John is a loving husband. He proves that by telling Elizabeth, “It is well seasoned” (p. 48) in reference to the rabbit she cooked, in which he had to add salt to. He likes to make her happy, which shows he loves her, and so he asks, “Would that please you?” (p.48) He is asking in reference to buying a heifer for her if the crops are good. He assures her he will “fall like an ocean on that court” by which he shows his love in caring for her freedom (p.73). To the court he admits he has “known her” he is talking about Abigail and their affair (p.102). He is showing his love towards his wife by throwing away his freedom, life, honor, dignity, and pride to prove Elizabeth’s innocence and have her freedom. He tells Elizabeth to “show honor now” as he is to be hanged in the gallows (p. 133). He is showing his love for her by letting her know he cares about her enough to want her to be strong even though he is to die.
John Proctor is a loyal man. He proves he is loyal by telling Abigail, “I will cut off my hand before I’ll ever reach for you again.” (p.22) He has the chance to be unfaithful, but instead proves his loyalty. He is loyal when he tells Abigail; “You’ll speak nothing of Elizabeth!” after Abigail had insulted her by calling her sickly (22). John, while talking with Danforth, proves his loyalty to Elizabeth by speaking up for her as he is trying to get her and his friends wives out of jail. He tells Danforth “that woman will never lie” which proves his loyalty to his wife (85). He proves his loyalty to his friends when Danforth has told him Elizabeth is pregnant and will stay alive for one year by telling the judge that his friends’ wives’ “are also accused-” and standing up for them instead of just taking a year with Elizabeth (86). John shows his loyalty when he is trying to prove Elizabeth’s innocence to witchcraft. By telling the judge, “my wife is innocent!” (p.103)
John has an authoritative personality. John proves this authoritative personality when he goes to Reverend Paris’s house, to find out why there is talk of witchcraft in the town, and finds his servant, Mary Warren, who is not supposed to be there and she shays “Oh! I’m just going home,” knowing she isn’t supposed to be there (20). His first words to her indicate his authority, “Now get home” because she does not question him and simply does what he says she proves he has authority (20). He shows his authoritative personality when talking alone with Abigail. He tells her, “That’s done with” trying to end the conversation after she has asked for a soft word therefore showing his authority (21). He also shows his authority with Elizabeth about Mary Warren going into Salem after he had “forbid her to go.” (49) He has shown his authority over the hired help in his house. Later he shows his authority by getting the last words in an argument with Mary Warren, “Good night, then!” (57)

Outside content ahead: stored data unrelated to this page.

lemma min_degree_le_degeneracy:
  assumes "graph V E" "subgraph W F V E" "W \<noteq> {}"
  shows "min_degree W F \<le> degeneracy V E"
proof -
  let ?bounds = "\<lambda>d. \<forall>W F. subgraph W F V E \<and> W \<noteq> {} \<longrightarrow> min_degree W F \<le> d"
  have "?bounds (card V)"
  proof (intro allI impI)
    fix W F assume "subgraph W F V E \<and> W \<noteq> {}"
    then have fin: "finite W" and "W \<subseteq> V" and "W \<noteq> {}"
      unfolding subgraph_def graph_def by auto
    then obtain x where x: "x \<in> W" by blast
    have "min_degree W F \<le> degree W F x" using fin x by (rule min_degree_le_degree)
    also have "\<dots> \<le> card W" unfolding degree_def using fin by (intro card_mono) auto
    also have "\<dots> \<le> card V" using \<open>W \<subseteq> V\<close> assms(1) by (simp add: card_mono graph_finite)
    finally show "min_degree W F \<le> card V" .
  qed
  then have "?bounds (degeneracy V E)"
    unfolding degeneracy_def by (rule LeastI)
  then show ?thesis using assms(2,3) by blast
qed

lemma degeneracy_leI:
  assumes "\<And>W F. subgraph W F V E \<Longrightarrow> W \<noteq> {} \<Longrightarrow> min_degree W F \<le> d"
  shows "degeneracy V E \<le> d"
  unfolding degeneracy_def using assms by (intro Least_le) blast

lemma low_degree_vertex:
  assumes "graph V E" "W \<subseteq> V" "W \<noteq> {}"
  obtains x where "x \<in> W" "degree W E x \<le> degeneracy V E"
proof -
  have "finite W" using assms(1,2) finite_subset graph_finite by blast
  then obtain x where x: "x \<in> W" "degree W (induced E W) x = min_degree W (induced E W)"
    using assms(3) by (rule min_degree_attained)
  have "min_degree W (induced E W) \<le> degeneracy V E"
    using assms by (intro min_degree_le_degeneracy subgraph_induced)
  with x degree_induced show thesis by (metis that)
qed

lemma le_degeneracyI:
  assumes "graph V E" "W \<subseteq> V" "W \<noteq> {}" "\<And>x. x \<in> W \<Longrightarrow> k \<le> degree W E x"
  shows "k \<le> degeneracy V E"
proof -
  have "finite W" using assms(1,2) finite_subset graph_finite by blast
  then obtain x where x: "x \<in> W" "degree W (induced E W) x = min_degree W (induced E W)"
    using assms(3) by (rule min_degree_attained)
  then have "k \<le> min_degree W (induced E W)"
    using assms(4) degree_induced by metis
  also have "\<dots> \<le> degeneracy V E"
    using assms(1-3) by (intro min_degree_le_degeneracy subgraph_induced)
  finally show ?thesis .
qed

lemma dense_vertex_set:
  assumes "0 < degeneracy V E"
  obtains W where "W \<subseteq> V" "W \<noteq> {}" "\<And>x. x \<in> W \<Longrightarrow> degeneracy V E \<le> degree W E x"
proof -
  have "\<exists>W F. subgraph W F V E \<and> W \<noteq> {} \<and> degeneracy V E \<le> min_degree W F"
  proof (rule ccontr)
    assume "\<not> ?thesis"
    then have "degeneracy V E \<le> degeneracy V E - 1"
      by (intro degeneracy_leI) force
    then show False using assms by simp
  qed
  then obtain W F where sub: "subgraph W F V E" "W \<noteq> {}" and d: "degeneracy V E \<le> min_degree W F"
    by blast
  have fin: "finite W" and FE: "\<And>p q. F p q \<Longrightarrow> E p q"
    using sub(1) unfolding subgraph_def graph_def by auto
  have "degeneracy V E \<le> degree W E x" if "x \<in> W" for x
  proof -
    have "min_degree W F \<le> degree W F x" using fin that by (rule min_degree_le_degree)
    also have "\<dots> \<le> degree W E x" using fin FE by (intro degree_mono) auto
    finally show ?thesis using d by linarith
  qed
  with sub show thesis using that unfolding subgraph_def by blast
qed

lemma subgraph_dprodD:
  assumes "subgraph W F (V1 \<times> V2) (dprod_edge E1 E2)"
  shows "finite W" "W \<subseteq> fst ` W \<times> snd ` W" "fst ` W \<subseteq> V1" "snd ` W \<subseteq> V2"
    "\<And>p q. F p q \<Longrightarrow> dprod_edge E1 E2 p q"
proof -
  show "finite W" "\<And>p q. F p q \<Longrightarrow> dprod_edge E1 E2 p q"
    using assms unfolding subgraph_def graph_def by auto
  have "W \<subseteq> V1 \<times> V2" using assms unfolding subgraph_def by blast
  then show "fst ` W \<subseteq> V1" "snd ` W \<subseteq> V2" by auto
  show "W \<subseteq> fst ` W \<times> snd ` W" by (auto intro: rev_image_eqI)
qed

John Proctor’s tragic flaw is his temper. Though his pride does go along with his temper, the reason he was jailed at the end of the story was for having an outrageous temper. John proves he has a temper when speaking to Elizabeth about Abigail saying the dancing in the woods had nothing to do with witchcraft. Elizabeth asks him to go to the court that night. He shows his temper by raising his voice to Elizabeth and trying to end the conversation by saying, “I say I will think on it!” (51) John shows his temper when talking with Elizabeth and Mary when he “takes down the whip” (56) to threaten Mary after her saying she would be in court everyday. When speaking with Danforth about Elizabeth, John has been said to want to overthrow the courts. He shows his temper by admitting he has one stating “it were temper” ( 56) in reference to what he had said earlier in the book when Elizabeth was arrested. John is speaking to Danforth about Elizabeth keeping poppets. He is showing his temper by yelling irrationally “There might also be a dragon…but no one has ever seen it!” (96)
John Proctor was a good man. He had a temper and pride. He was much respected in the town. It was a great loss when he died. John Proctor truly was the tragic hero of The Crucible.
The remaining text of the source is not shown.